EXERCISE PROMPT |
Check every line of the entries that follow, and copy the ones containing "forall".

INFORMATION |
'''
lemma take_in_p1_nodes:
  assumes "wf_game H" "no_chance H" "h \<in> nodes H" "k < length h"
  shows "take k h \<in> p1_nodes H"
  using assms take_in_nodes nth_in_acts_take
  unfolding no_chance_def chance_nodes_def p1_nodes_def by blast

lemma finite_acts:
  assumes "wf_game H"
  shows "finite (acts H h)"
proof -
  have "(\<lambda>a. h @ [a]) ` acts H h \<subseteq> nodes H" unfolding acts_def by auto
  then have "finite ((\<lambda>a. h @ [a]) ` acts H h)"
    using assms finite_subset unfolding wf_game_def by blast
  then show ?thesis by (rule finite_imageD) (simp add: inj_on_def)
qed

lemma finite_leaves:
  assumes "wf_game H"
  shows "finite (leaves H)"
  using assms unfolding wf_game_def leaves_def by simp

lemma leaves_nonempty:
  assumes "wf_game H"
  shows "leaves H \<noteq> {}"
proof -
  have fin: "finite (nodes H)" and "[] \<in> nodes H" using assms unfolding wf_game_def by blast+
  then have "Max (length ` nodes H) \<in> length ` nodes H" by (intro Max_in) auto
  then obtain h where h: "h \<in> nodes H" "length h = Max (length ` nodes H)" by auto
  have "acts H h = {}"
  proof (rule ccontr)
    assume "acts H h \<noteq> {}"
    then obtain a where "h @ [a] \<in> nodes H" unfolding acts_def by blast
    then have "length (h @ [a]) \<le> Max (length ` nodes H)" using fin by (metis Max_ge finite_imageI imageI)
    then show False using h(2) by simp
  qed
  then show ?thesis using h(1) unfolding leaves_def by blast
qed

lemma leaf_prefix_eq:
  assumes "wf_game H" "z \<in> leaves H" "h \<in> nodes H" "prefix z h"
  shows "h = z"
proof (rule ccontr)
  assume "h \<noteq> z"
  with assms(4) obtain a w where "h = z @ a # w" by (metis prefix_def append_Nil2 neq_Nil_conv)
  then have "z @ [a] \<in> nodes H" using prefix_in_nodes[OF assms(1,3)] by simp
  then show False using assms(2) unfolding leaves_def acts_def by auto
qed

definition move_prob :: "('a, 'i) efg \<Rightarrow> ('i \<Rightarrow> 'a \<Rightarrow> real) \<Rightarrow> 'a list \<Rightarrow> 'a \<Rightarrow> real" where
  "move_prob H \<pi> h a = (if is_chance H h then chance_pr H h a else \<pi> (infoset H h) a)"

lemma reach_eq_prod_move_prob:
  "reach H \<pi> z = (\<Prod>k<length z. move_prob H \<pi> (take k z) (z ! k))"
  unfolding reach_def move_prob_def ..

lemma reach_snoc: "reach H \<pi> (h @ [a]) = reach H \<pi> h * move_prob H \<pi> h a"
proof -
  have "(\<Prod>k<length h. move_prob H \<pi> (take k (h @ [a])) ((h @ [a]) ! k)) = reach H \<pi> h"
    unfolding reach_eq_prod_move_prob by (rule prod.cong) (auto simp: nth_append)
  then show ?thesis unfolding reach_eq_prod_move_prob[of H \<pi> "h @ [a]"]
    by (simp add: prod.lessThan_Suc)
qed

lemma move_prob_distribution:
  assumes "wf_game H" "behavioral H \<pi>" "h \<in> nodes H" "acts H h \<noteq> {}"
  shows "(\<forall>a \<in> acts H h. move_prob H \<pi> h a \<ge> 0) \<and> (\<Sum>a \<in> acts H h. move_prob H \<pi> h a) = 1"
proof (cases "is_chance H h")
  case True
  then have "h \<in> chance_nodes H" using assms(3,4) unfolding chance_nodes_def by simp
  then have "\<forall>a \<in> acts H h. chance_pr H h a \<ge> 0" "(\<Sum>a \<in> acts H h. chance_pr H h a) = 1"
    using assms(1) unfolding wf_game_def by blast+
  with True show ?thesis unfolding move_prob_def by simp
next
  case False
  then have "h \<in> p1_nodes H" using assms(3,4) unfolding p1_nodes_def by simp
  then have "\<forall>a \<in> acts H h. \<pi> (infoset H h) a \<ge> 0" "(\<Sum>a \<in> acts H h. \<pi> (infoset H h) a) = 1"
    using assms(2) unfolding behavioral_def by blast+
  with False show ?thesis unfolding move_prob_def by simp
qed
'''
ANSWER FOR THIS EXERCISE |
  shows "(\<forall>a \<in> acts H h. move_prob H \<pi> h a \<ge> 0) \<and> (\<Sum>a \<in> acts H h. move_prob H \<pi> h a) = 1"
  then have "\<forall>a \<in> acts H h. chance_pr H h a \<ge> 0" "(\<Sum>a \<in> acts H h. chance_pr H h a) = 1"
  then have "\<forall>a \<in> acts H h. \<pi> (infoset H h) a \<ge> 0" "(\<Sum>a \<in> acts H h. \<pi> (infoset H h) a) = 1"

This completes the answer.